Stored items
*** Block opens ***

lemma log_profile_at_right_minus_one:
  assumes "\<And>j. \<bar>q$j\<bar> \<le> 1" "0 < (\<Sum>j | q$j = 1. b$j)"
  shows "filterlim (log_profile q b) at_bot (at_right (-1))"
proof -
  have rest: "((\<lambda>s. \<Sum>j | q$j \<noteq> 1. b$j * ln (1 + s * q$j))
      \<longlongrightarrow> (\<Sum>j | q$j \<noteq> 1. b$j * ln (1 + -1 * q$j))) (at_right (-1))"
    using assms(1) by (intro tendsto_intros) (force simp: abs_le_iff)
  have "filterlim (\<lambda>s::real. ln (1 + s)) at_bot (at_right (-1))"
    by real_asymp
  then have "filterlim (\<lambda>s. (\<Sum>j | q$j = 1. b$j) * ln (1 + s)) at_bot (at_right (-1))"
    by (simp add: filterlim_tendsto_pos_mult_at_bot_iff[OF tendsto_const assms(2)])
  from filterlim_tendsto_add_at_bot_iff[OF rest] this show ?thesis
    by (simp add: log_profile_split[of q b _ 1, abs_def] add.commute)
qed

lemma strict_mono_on_unbounded_ex1:
  fixes f :: "real \<Rightarrow> real"
  assumes "continuous_on {a<..<b} f" "strict_mono_on {a<..<b} f"
    and "filterlim f at_bot (at_right a)" "filterlim f at_top (at_left b)" "a < b"
  shows "\<exists>!s. s \<in> {a<..<b} \<and> f s = t"
proof -
  obtain m where m: "a < m" "m < b"
    using \<open>a < b\<close> dense by blast
  have "\<forall>\<^sub>F s in at_right a. f s \<le> t \<and> s \<in> {a<..<m}"
    using assms(3) eventually_at_right_real[OF m(1)]
    by (auto simp: filterlim_at_bot intro: eventually_conj)
  then obtain s1 where s1: "f s1 \<le> t" "a < s1" "s1 < m"
    using eventually_happens'[of "at_right a"] by auto
  have "\<forall>\<^sub>F s in at_left b. t \<le> f s \<and> s \<in> {m<..<b}"
    using assms(4) eventually_at_left_real[OF m(2)]
    by (auto simp: filterlim_at_top intro: eventually_conj)
  then obtain s2 where s2: "t \<le> f s2" "m < s2" "s2 < b"
    using eventually_happens'[of "at_left b"] by auto
  have "continuous_on {s1..s2} f"
    using assms(1) by (rule continuous_on_subset) (use s1 s2 in auto)
  then obtain s where "s1 \<le> s" "s \<le> s2" "f s = t"
    using IVT'[of f s1 t s2] s1 s2 by auto
  moreover have "inj_on f {a<..<b}"
    using assms(2) by (rule strict_mono_on_imp_inj_on)
  ultimately show ?thesis
    using s1 s2 by (intro ex1I[of _ s]) (auto dest: inj_onD)
qed

lemma mem_coeff_polytope_closure:
  "y \<in> coeff_polytope_closure A \<longleftrightarrow> A *v y = 0 \<and> (\<forall>j. 0 \<le> y$j) \<and> (\<Sum>j\<in>UNIV. y$j) = 1"
  by (simp add: coeff_polytope_closure_def kerA_def nonneg_vec_def)

lemma mem_coeff_polytope:
  "y \<in> coeff_polytope A \<longleftrightarrow> y \<in> coeff_polytope_closure A \<and> (\<forall>j. 0 < y$j)"
  by (auto simp: coeff_polytope_def mem_coeff_polytope_closure kerA_def pos_vec_def less_imp_le)

lemma coeff_polytope_closure_segment_endpoint_has_zero:
  assumes closure: "coeff_polytope_closure A = closed_segment y1 y2" and "y1 \<noteq> y2"
  shows "\<exists>j. y2$j = 0"
proof (rule ccontr)
  assume "\<not> (\<exists>j. y2$j = 0)"
  moreover have y1: "y1 \<in> coeff_polytope_closure A" and y2: "y2 \<in> coeff_polytope_closure A"
    using closure by auto
  ultimately have y2_pos: "\<forall>j. 0 < y2$j"
    by (auto simp: mem_coeff_polytope_closure less_le)
  define \<epsilon> where "\<epsilon> = Min (range (($) y2))"
  have "0 < \<epsilon>" "\<And>j. \<epsilon> \<le> y2$j"
    using y2_pos by (simp_all add: \<epsilon>_def)
  have y1_le_1: "y1$j \<le> 1" for j
    using member_le_sum[of j UNIV "($) y1"] y1 by (simp add: mem_coeff_polytope_closure)
  \<comment> \<open>Moving from y1 past y2 stays in the closure, so y2 is not an endpoint.\<close>
  define z where "z = (1 + \<epsilon>) *\<^sub>R y2 - \<epsilon> *\<^sub>R y1"
  have "z \<in> coeff_polytope_closure A"
    unfolding mem_coeff_polytope_closure
  proof (intro conjI allI)
    show "A *v z = 0"
      using y1 y2 by (simp add: z_def mem_coeff_polytope_closure
          matrix_vector_mult_diff_distrib matrix_vector_mult_scaleR)
    show "0 \<le> z$j" for j
    proof -
      have "\<epsilon> * y1$j \<le> \<epsilon>"
        using mult_left_mono[OF y1_le_1[of j]] \<open>0 < \<epsilon>\<close> by simp
      moreover have "0 \<le> \<epsilon> * y2$j"
        using \<open>0 < \<epsilon>\<close> y2_pos by (simp add: less_imp_le)
      ultimately show ?thesis
        using \<open>\<epsilon> \<le> y2$j\<close> by (simp add: z_def algebra_simps)
    qed
    show "(\<Sum>j\<in>UNIV. z$j) = 1"
      using y1 y2 by (simp add: z_def sum_subtractf sum_distrib_left[symmetric] mem_coeff_polytope_closure)
  qed
  then obtain u where u: "0 \<le> u" "u \<le> 1" "z = (1 - u) *\<^sub>R y1 + u *\<^sub>R y2"
    using closure unfolding closed_segment_def by auto
  then have "(1 + \<epsilon> - u) *\<^sub>R (y2 - y1) = 0"
    by (simp add: z_def algebra_simps)
  then show False
    using u \<open>0 < \<epsilon>\<close> \<open>y1 \<noteq> y2\<close> by simp
qed
lemma flag_heights_meet_once:
  assumes fl: "flag n v E" and pq: "1 \<le> p" "p < q" "q \<le> n"
    and pq': "1 \<le> p'" "p' < q'" "q' \<le> n" "(p, q) \<noteq> (p', q')"
    and H: "height_fun (E p q) l r H" "r - l < 1" and G: "height_fun (E p' q') l' r' G"
    and u: "u1 \<in> {l..r}" "u2 \<in> {l..r}" "meets_at H G {l'..r'} u1" "meets_at H G {l'..r'} u2"
  shows "u1 = u2"
proof (rule meets_at_unique[OF H(2) _ u])
  show "\<forall>x y. x \<in> cyl_graph H {l..r} \<inter> cyl_graph G {l'..r'} \<and> y \<in> cyl_graph H {l..r} \<inter> cyl_graph G {l'..r'} \<longrightarrow> x = y"
    using flag_edge_pairD(1)[OF fl pq pq'] H(1) G unfolding height_fun_def by blast
qed

lemma flag_heights_crossing:
  assumes fl: "flag n v E" and pq: "1 \<le> p" "p < q" "q \<le> n"
    and pq': "1 \<le> p'" "p' < q'" "q' \<le> n" and disjoint: "{p, q} \<inter> {p', q'} = {}"
    and H: "height_fun (E p q) l r H" "r - l \<le> 1" and G: "height_fun (E p' q') l' r' G" "r' - l' \<le> 1"
    and u: "u \<in> {l<..<r}" and w: "w \<in> {l'<..<r'}" "cis (2*pi*w) = cis (2*pi*u)" and meet: "H u = G w"
  shows "\<exists>\<epsilon>>0. \<forall>\<delta>. 0 < \<delta> \<and> \<delta> < \<epsilon> \<longrightarrow> (H (u - \<delta>) - G (w - \<delta>)) * (H (u + \<delta>) - G (w + \<delta>)) < 0"
proof (rule cross_at_height_sign[OF _ H(2) _ G(2) u w])
  show relH: "relint (E p q) = cyl_graph H {l<..<r}" and relG: "relint (E p' q') = cyl_graph G {l'<..<r'}"
    using H(1) G(1) by (simp_all add: height_fun_def)
  have "(cis (2*pi*u), H u) \<in> relint (E p q) \<inter> relint (E p' q')"
    using cyl_graph_memI[OF u, of H] cyl_graph_memI[OF w(1), of G] w(2) meet relH relG by simp
  then show "cross_at (E p q) (E p' q') (cis (2*pi*u), H u)"
    using flag_edge_pairD(2)[OF fl pq pq'] disjoint relint_subset_path_image by blast
qed

lemma flag_adjacent_relint_disjoint:
  assumes fl: "flag n v E" and idx: "1 \<le> i" "i < j" "j < k" "k \<le> n"
    and "\<not> crosses (E j k) (E i j) \<or> \<not> crosses (E i j) (E j k)"
  shows "relint (E i j) \<inter> relint (E j k) = {}"
proof (rule ccontr)
  assume "relint (E i j) \<inter> relint (E j k) \<noteq> {}"
  then obtain x where x: "x \<in> relint (E i j)" "x \<in> relint (E j k)" by blast
  have "x \<noteq> v j"
    using x(1) arc_pathfinish_notin_relint[of "E i j"] flag_edgeD(1,3)[OF fl idx(1,2)] idx
    by (auto simp: xmono_def)
  moreover have "x \<in> path_image (E i j) \<inter> path_image (E j k)"
    using x relint_subset_path_image by blast
  moreover have j: "1 \<le> j" "j \<le> n" and "{i, j} \<inter> {j, k} = {j}" "{j, k} \<inter> {i, j} = {j}"
    and "(i, j) \<noteq> (j, k)" "(j, k) \<noteq> (i, j)" using idx by auto
  ultimately have "cross_at (E i j) (E j k) x" "cross_at (E j k) (E i j) x"
    using flag_edge_pairD(2)[OF fl idx(1,2) j(2) j(1) idx(3,4), of x]
      flag_edge_pairD(2)[OF fl j(1) idx(3,4) idx(1,2) j(2), of x] by auto
  then show False using assms(6) unfolding crosses_def by blast
qed

lemma flag_edge_heights:
  assumes fl: "flag n v E" and idx: "1 \<le> i" "i < j" "j < k" "k < s" "s < t" "t \<le> n"
  obtains I J K S where "height_fun (E i j) (xc (v j) - 1) (xc (v i)) I"
    "height_fun (E j k) (xc (v k) - 1) (xc (v j)) J" "height_fun (E s t) (xc (v t) - 1) (xc (v s)) S"
    "S (xc (v s)) = yc (v s)" "S (xc (v t) - 1) = yc (v t)"
    "edge_heights (xc (v i)) (xc (v j)) (xc (v k)) (xc (v s)) (xc (v t)) I J K S"
proof -
  have pairs: "1 \<le> i" "i < j" "j \<le> n" "1 \<le> j" "j < k" "k \<le> n" "1 \<le> k" "k < s" "s \<le> n"
    "1 \<le> s" "s < t" "t \<le> n" using idx by auto
  obtain I where I: "height_fun (E i j) (xc (v j) - 1) (xc (v i)) I"
    "I (xc (v i)) = yc (v i)" "I (xc (v j) - 1) = yc (v j)"
    using flag_edge_height[OF fl pairs(1-3)] by blast
  obtain J where J: "height_fun (E j k) (xc (v k) - 1) (xc (v j)) J"
    "J (xc (v j)) = yc (v j)" "J (xc (v k) - 1) = yc (v k)"
    using flag_edge_height[OF fl pairs(4-6)] by blast
  obtain K where K: "height_fun (E k s) (xc (v s) - 1) (xc (v k)) K"
    "K (xc (v k)) = yc (v k)" "K (xc (v s) - 1) = yc (v s)"
    using flag_edge_height[OF fl pairs(7-9)] by blast
  obtain S where S: "height_fun (E s t) (xc (v t) - 1) (xc (v s)) S"
    "S (xc (v s)) = yc (v s)" "S (xc (v t) - 1) = yc (v t)"
    using flag_edge_height[OF fl pairs(10-12)] by blast
  define a b c d e where "a = xc (v i)" "b = xc (v j)" "c = xc (v k)" "d = xc (v s)" "e = xc (v t)"
  have order: "0 < a" "a < b" "b < c" "c < d" "d < e" "e < 1"
    using flag_vertex(1)[OF fl, of i] flag_vertex(2)[OF fl, of t] flag_xc_less[OF fl] idx
    unfolding a_b_c_d_e_def by auto
  have "edge_heights a b c d e I J K S"
  proof
    show "0 < a" "a < b" "b < c" "c < d" "d < e" "e < 1" by (fact order)+
    show "continuous_on {b-1..a} I" "continuous_on {c-1..b} J" "continuous_on {d-1..c} K" "continuous_on {e-1..d} S"
      using I(1) J(1) K(1) S(1) by (simp_all add: height_fun_def a_b_c_d_e_def)
    show "I (b-1) = J b" "J (c-1) = K c" "K (d-1) = S d"
      using I J K S by (simp_all add: a_b_c_d_e_def)
    show "S b \<noteq> J b" "S c \<noteq> K c" "K b \<noteq> J b" "S a \<noteq> I a"
      using flag_height_avoids_vertex[OF fl pairs(10-12) _ _ _ S(1), of j]
        flag_height_avoids_vertex[OF fl pairs(10-12) _ _ _ S(1), of k]
        flag_height_avoids_vertex[OF fl pairs(7-9) _ _ _ K(1), of j]
        flag_height_avoids_vertex[OF fl pairs(10-12) _ _ _ S(1), of i]
        I(2) J(2) K(2) order idx by (auto simp: a_b_c_d_e_def)
    show "u1 = u2" if "u1 \<in> {e-1..d}" "u2 \<in> {e-1..d}"
      "meets_at S J {c-1..b} u1" "meets_at S J {c-1..b} u2" for u1 u2
      using flag_heights_meet_once[OF fl pairs(10-12) pairs(4-6) _ S(1) _ J(1)] that order idx
      by (simp add: a_b_c_d_e_def)
    show "u = d" if "u \<in> {e-1..d}" "meets_at S K {d-1..c} u" for u
      using flag_heights_meet_once[OF fl pairs(10-12) pairs(7-9) _ S(1) _ K(1), of u d] that order idx K(3) S(2)
      by (simp add: a_b_c_d_e_def meets_at_def)
    show "u = c" if "u \<in> {d-1..c}" "meets_at K J {c-1..b} u" for u
      using flag_heights_meet_once[OF fl pairs(7-9) pairs(4-6) _ K(1) _ J(1), of u c] that order idx K(2) J(3)
      by (simp add: a_b_c_d_e_def meets_at_def)
    show "u1 = u2" if "u1 \<in> {e-1..d}" "u2 \<in> {e-1..d}"
      "meets_at S I {b-1..a} u1" "meets_at S I {b-1..a} u2" for u1 u2
      using flag_heights_meet_once[OF fl pairs(10-12) pairs(1-3) _ S(1) _ I(1)] that order idx
      by (simp add: a_b_c_d_e_def)
    show "\<exists>\<epsilon>>0. \<forall>\<delta>. 0 < \<delta> \<and> \<delta> < \<epsilon> \<longrightarrow> (S (u - \<delta>) - I (w - \<delta>)) * (S (u + \<delta>) - I (w + \<delta>)) < 0"
      if "u \<in> {e-1<..<d}" "w \<in> {b-1<..<a}" "w = u \<or> w = u - 1" "S u = I w" for u w
    proof (rule flag_heights_crossing[OF fl pairs(10-12) pairs(1-3) _ S(1) _ I(1)])
      show "cis (2*pi*w) = cis (2*pi*u)" using that(3) by auto
    qed (use that order idx in \<open>auto simp: a_b_c_d_e_def\<close>)
  qed
  then show thesis using that I(1) J(1) S by (simp add: a_b_c_d_e_def)
qed

lemma flag_below_above_iff_height:
  assumes fl: "flag n v E" and idx: "1 \<le> j" "j < k" "k < m" "m \<le> n"
    and J: "height_fun (E j k) (xc (v k) - 1) (xc (v j)) J"
  shows "below (v m) (E j k) \<longleftrightarrow> yc (v m) < J (xc (v m) - 1)"
    and "above (v m) (E j k) \<longleftrightarrow> J (xc (v m) - 1) < yc (v m)"
proof -
  have rel: "relint (E j k) = cyl_graph J {xc (v k) - 1<..<xc (v j)}"
    using J by (simp add: height_fun_def)
  have "j \<in> {1..n}" "m \<in> {1..n}" using idx by auto
  then have "0 < xc (v j)" "xc (v m) < 1" using flag_vertex(1,2)[OF fl] by blast+
  moreover have "xc (v j) < xc (v k)" "xc (v k) < xc (v m)" using flag_xc_less[OF fl] idx by simp_all
  ultimately have "xc (v j) - (xc (v k) - 1) \<le> 1" "xc (v m) - 1 \<in> {xc (v k) - 1<..<xc (v j)}"
    by auto
  then show "below (v m) (E j k) \<longleftrightarrow> yc (v m) < J (xc (v m) - 1)"
    and "above (v m) (E j k) \<longleftrightarrow> J (xc (v m) - 1) < yc (v m)"
    using below_iff_height[OF rel] above_iff_height[OF rel] by simp_all
qed

lemma flag_far_edge_disjoint_related:
  assumes fl: "flag n v E" and idx: "1 \<le> i" "i < j" "j < k" "k < s" "s < t" "t \<le> n"
    and orient: "(prec (E j k) (E i j) \<and> below (v s) (E j k) \<and> below (v t) (E j k)) \<or>
                 (prec (E i j) (E j k) \<and> above (v s) (E j k) \<and> above (v t) (E j k))"
  shows "path_image (E s t) \<inter> path_image (E i j) = {} \<and> related (E s t) (E i j)"
proof -
  obtain I J K S where I: "height_fun (E i j) (xc (v j) - 1) (xc (v i)) I"
    and J: "height_fun (E j k) (xc (v k) - 1) (xc (v j)) J"
    and S: "height_fun (E s t) (xc (v t) - 1) (xc (v s)) S" "S (xc (v s)) = yc (v s)" "S (xc (v t) - 1) = yc (v t)"
    and heights: "edge_heights (xc (v i)) (xc (v j)) (xc (v k)) (xc (v s)) (xc (v t)) I J K S"
    by (rule flag_edge_heights[OF fl idx])
  define a b c d e where "a = xc (v i)" "b = xc (v j)" "c = xc (v k)" "d = xc (v s)" "e = xc (v t)"
  interpret edge_heights a b c d e I J K S
    using heights by (simp add: a_b_c_d_e_def)
  have relI: "relint (E i j) = cyl_graph I {b-1<..<a}" and relJ: "relint (E j k) = cyl_graph J {c-1<..<b}"
    using I J by (simp_all add: height_fun_def a_b_c_d_e_def)
  have "\<not> crosses (E j k) (E i j) \<or> \<not> crosses (E i j) (E j k)"
    using orient by (auto simp: prec_def related_def)
  then have adjacent: "relint (E i j) \<inter> relint (E j k) = {}"
    using flag_adjacent_relint_disjoint[OF fl idx(1-3)] idx by simp
  have win: "b - (c - 1) \<le> 1" "a - (b - 1) \<le> 1"
    "\<And>u. u \<in> {c-1<..<a} \<Longrightarrow> u \<in> {c-1<..<b} \<and> u \<in> {b-1<..<a}"
    using order by auto
  have s_jk: "below (v s) (E j k) \<longleftrightarrow> S d < J (d-1)" "above (v s) (E j k) \<longleftrightarrow> J (d-1) < S d"
    and t_jk: "below (v t) (E j k) \<longleftrightarrow> S (e-1) < J (e-1)" "above (v t) (E j k) \<longleftrightarrow> J (e-1) < S (e-1)"
    using flag_below_above_iff_height[OF fl _ idx(3,4)] flag_below_above_iff_height[OF fl _ idx(3)]
      idx J S(2,3) by (simp_all add: a_b_c_d_e_def)
  obtain \<sigma> :: real where \<sigma>: "\<sigma> * \<sigma> = 1" and oriented: "\<forall>u\<in>{c-1<..<a}. \<sigma> * J u < \<sigma> * I u"
    "\<sigma> * S d < \<sigma> * J (d-1)" "\<sigma> * S (e-1) < \<sigma> * J (e-1)"
  proof (cases "prec (E j k) (E i j) \<and> below (v s) (E j k) \<and> below (v t) (E j k)")
    case True
    have "\<forall>u\<in>{c-1<..<a}. J u < I u"
      using prec_heights_less[OF relJ win(1) relI win(2)] True adjacent win(3) by (simp add: Int_commute)
    then show thesis using that[of 1] True s_jk t_jk by simp
  next
    case False
    then have "prec (E i j) (E j k) \<and> above (v s) (E j k) \<and> above (v t) (E j k)" using orient by blast
    moreover have "\<forall>u\<in>{c-1<..<a}. I u < J u"
      using prec_heights_less[OF relI win(2) relJ win(1)] calculation adjacent win(3) by simp
    ultimately show thesis using that[of "-1"] s_jk t_jk by simp
  qed
  have "height_fun (E s t) (e-1) d S" "height_fun (E i j) (b-1) a I" "b < d"
    using S(1) I order by (simp_all add: a_b_c_d_e_def)
  then show ?thesis
    using separated_heights_disjoint_related[OF _ _ order(1,2) _ order(5,6) \<sigma> S_beyond_I[OF \<sigma> oriented]]
    by blast
qed

theorem claim15:
  fixes n :: nat and v :: "nat \<Rightarrow> pt" and E :: "nat \<Rightarrow> nat \<Rightarrow> real \<Rightarrow> pt"
    and i j k :: nat
  assumes "flag n v E"
    and "1 \<le> i" and "i < j" and "j < k" and "k \<le> n"
  shows "(good_upper n v E i j k \<longrightarrow>
            (\<forall>s t. s \<in> Vminus n v E j k \<and> t \<in> Vminus n v E j k \<and> s < t \<longrightarrow>
               path_image (E s t) \<inter> path_image (E i j) = {} \<and> related (E s t) (E i j))) \<and>
         (good_lower n v E i j k \<longrightarrow>
            (\<forall>s t. s \<in> Vplus n v E j k \<and> t \<in> Vplus n v E j k \<and> s < t \<longrightarrow>
               path_image (E s t) \<inter> path_image (E i j) = {} \<and> related (E s t) (E i j)))"
proof (rule conjI; intro impI allI)
  fix s t
  assume "good_upper n v E i j k" "s \<in> Vminus n v E j k \<and> t \<in> Vminus n v E j k \<and> s < t"
  then have "k < s" "s < t" "t \<le> n" "prec (E j k) (E i j) \<and> below (v s) (E j k) \<and> below (v t) (E j k)"
    by (auto simp: Vminus_def good_upper_def)
  then show "path_image (E s t) \<inter> path_image (E i j) = {} \<and> related (E s t) (E i j)"
    using flag_far_edge_disjoint_related[OF assms(1-4)] by blast
next
  fix s t
  assume "good_lower n v E i j k" "s \<in> Vplus n v E j k \<and> t \<in> Vplus n v E j k \<and> s < t"
  then have "k < s" "s < t" "t \<le> n" "prec (E i j) (E j k) \<and> above (v s) (E j k) \<and> above (v t) (E j k)"
    by (auto simp: Vplus_def good_lower_def)
  then show "path_image (E s t) \<inter> path_image (E i j) = {} \<and> related (E s t) (E i j)"
    using flag_far_edge_disjoint_related[OF assms(1-4)] by blast
qed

*** Block closes ***

WHAT TO WORK ON
Reply with only the number of lines in the entries that hold the word "lemma".

ANSWER SECTION
11